O que também preocupa – ainda sobre a nota em questão - é o fato dela aparecer solta, sem raiz. Deveria existir um histórico sobre o episódio envolvendo o Marcola, qual crime cometeu, qual acusação, quando ocorreu, onde o processo corre, porque não foi ao tribunal.

Ao publicar notas superficiais como a do Marcola o Metro não contribui para o conhecimento mais aprofundado e mais crítico dos seus leitores.

Na sexta-feira, 13 de novembro, encontramos a seguinte nota publicada aqui na íntegra:

“Marido traìdo não será indenizado, decide STJ

Os ministros decidiram que o amante não tem responsabilidade sobre a traição da mulher”

Na era da pressa, onde o que vale é o tempo (muito precioso e ninguém pode desperdiçá-lo), o veloz, o instantâneo, as notícias também seguem esse ritmo e acabam por não cumprirem sua função primeira de esclarecer o cidadão. A nota explicitada acima não está clara; ela é apresentada de forma confusa, solta e não contribui ao esclarecimento do leitor, que continuará sem saber do assunto. Não está claro, por exemplo, se será o marido, a mulher ou o amante que será indenizado; quem são os culpados, o que decidiu o Superior Tribunal de Justiça (STJ) e quando essa ação foi julgada.

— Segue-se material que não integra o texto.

lemma polar_poly_reciprocal_roots:
  assumes z0: "cmod z0 = 1" and a1: "cmod a1 < 1" and a2: "cmod a2 < 1"
    and q0: "polar_poly a1 a2 z0 0 \<noteq> 0"
  obtains A g1 g2
  where "\<And>w. polar_poly a1 a2 z0 w = A * (1 - g1 * w) * (1 - g2 * w)"
    and "poisson_kernel a1 z0 + poisson_kernel a2 z0
           = 1 + (poisson_kernel (g1 * cnj z0) 1 + poisson_kernel (g2 * cnj z0) 1) / 2"
proof -
  define A B C where "A = polar_poly a1 a2 z0 0" and "B = 2 * (a1 * a2 + (a1 + a2) * z0)"
    and "C = - 3 * (a1 * a2 * z0)"
  obtain g1 g2 where B: "B = - A * (g1 + g2)" and C: "C = A * g1 * g2"
    using quadratic_reciprocal_roots q0 unfolding A_def by blast
  have factor: "polar_poly a1 a2 z0 w = A * (1 - g1 * w) * (1 - g2 * w)" for w
  proof -
    have "polar_poly a1 a2 z0 w = A + B * w + C * w\<^sup>2"
      by (simp add: polar_poly_def A_def B_def C_def)
    then show ?thesis
      by (simp add: B C algebra_simps power2_eq_square)
  qed
  define c where "c = cnj z0"
  have "z0 \<noteq> a1" "z0 \<noteq> a2" "c \<noteq> 0"
    using z0 a1 a2 by (auto simp: c_def)
  then have "polar_poly a1 a2 z0 c \<noteq> 0"
    unfolding c_def polar_poly_at_cnj[OF z0] by simp
  then have d1: "1 - g1 * c \<noteq> 0" and d2: "1 - g2 * c \<noteq> 0"
    unfolding factor by auto
  have inverse_one_minus: "1 / (1 - x) = (1 + (1 + x) / (1 - x)) / 2" if "1 - x \<noteq> 0" for x :: complex
    using that by (simp add: field_simps)
  have cancel_A: "A * (d1 + d2) / (A * d1 * d2) = 1 / d1 + 1 / d2" if "d1 \<noteq> 0" "d2 \<noteq> 0"
    for d1 d2
    using that q0 by (simp add: A_def field_simps)
  have numerator: "2 * A + B * c = A * ((1 - g1 * c) + (1 - g2 * c))"
    by (simp add: B algebra_simps)
  have "(z0 + a1) / (z0 - a1) + (z0 + a2) / (z0 - a2) = (2 * A + B * c) / polar_poly a1 a2 z0 c"
    unfolding A_def B_def c_def by (rule herglotz_sum_eq_polar_poly_quotient) fact+
  also have "\<dots> = A * ((1 - g1 * c) + (1 - g2 * c)) / (A * (1 - g1 * c) * (1 - g2 * c))"
    by (simp only: factor numerator)
  also have "\<dots> = 1 / (1 - g1 * c) + 1 / (1 - g2 * c)"
    using d1 d2 by (rule cancel_A)
  also have "\<dots> = (1 + (1 + g1 * c) / (1 - g1 * c)) / 2 + (1 + (1 + g2 * c) / (1 - g2 * c)) / 2"
    by (simp only: inverse_one_minus[OF d1] inverse_one_minus[OF d2])
  finally have "Re ((z0 + a1) / (z0 - a1) + (z0 + a2) / (z0 - a2))
      = Re ((1 + (1 + g1 * c) / (1 - g1 * c)) / 2 + (1 + (1 + g2 * c) / (1 - g2 * c)) / 2)"
    by (rule arg_cong)
  moreover have "Re ((1 + g * c) / (1 - g * c)) = poisson_kernel (g * c) 1" if "1 - g * c \<noteq> 0" for g
    using Re_herglotz_kernel[of 1 "g * c"] that by simp
  ultimately have "poisson_kernel a1 z0 + poisson_kernel a2 z0
      = (1 + poisson_kernel (g1 * c) 1) / 2 + (1 + poisson_kernel (g2 * c) 1) / 2"
    using Re_herglotz_kernel[OF z0] \<open>z0 \<noteq> a1\<close> \<open>z0 \<noteq> a2\<close> d1 d2 by simp
  then have "poisson_kernel a1 z0 + poisson_kernel a2 z0
      = 1 + (poisson_kernel (g1 * cnj z0) 1 + poisson_kernel (g2 * cnj z0) 1) / 2"
    by (simp add: c_def add_divide_distrib)
  then show ?thesis
    by (rule that[OF factor])
qed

Então essa nota vem a calhar com a categoria que criamos que trata justamente da presença de notícias soltas, superficiais e pouco esclarecedoras que se fazem presentes no

Metro, um veículos dos tempos atuais.

Observamos que notícias rasas, planas compõem praticamente todo o Metro, não apenas nas editorias Em foco e Mundo que tratam de assuntos como cidade, política e economia. Na editoria Diversão, que recebe mais atenção por parte do jornal (devido o público-alvo ser jovem), existem sempre muitas notas soltas, ou seja, notas que deixam a desejar no quesito informação completa.

Na edição do dia 09 de novembro de 2009 foi publicada na página 10, a seguinte nota:

O governo espanhol concedeu na última sexta-feira a “Ordem das Artes e das Letras de Espanha” ao aqruiteto [o erro de digitação foi do jornal] brasileiro, que tem 101 anos.

A nota poderia ser mais completa explicando, por exemplo, porque o arquiteto brasileiro foi condecorado na Espanha, que obras fez por lá, etc. Poderia ainda ter mencionado quem recebe esse tipo de Ordem do governo espanhol. E, apesar do Oscar Niemeyer ser um dos maiores nomes da arquitetura brasileira, foi quem projetou Brasília, isso poderia ter sido mencionado.

Com mais um parágrafo a nota ficaria bem mais completa e esclarecedora. Mas a pressa, a velocidade da nova era não permitem. Talvez para quem redige, a nota a cima deva estar completa. Mas para quem lê, dificilmente estará.

Infelizmente notas vagas e superficiais como as apresentadas aqui têm sido bastante comuns na atualidade. É o jornalismo em mutação, transgênico que vem abandonando a sua premissa iluminista que o originou, que dizia que o jornalismo tem a função de não só informar, mas de formar, ou seja, tem de fornecer elementos que contribuam para a formação do senso crítico dos cidadãos.

Só assim, exercendo sua função social enquanto bem público é que o jornalismo irá contribuir para uma sociedade mais justa, composta por indivíduos com senso crítico e cientes dos seus direitos e deveres.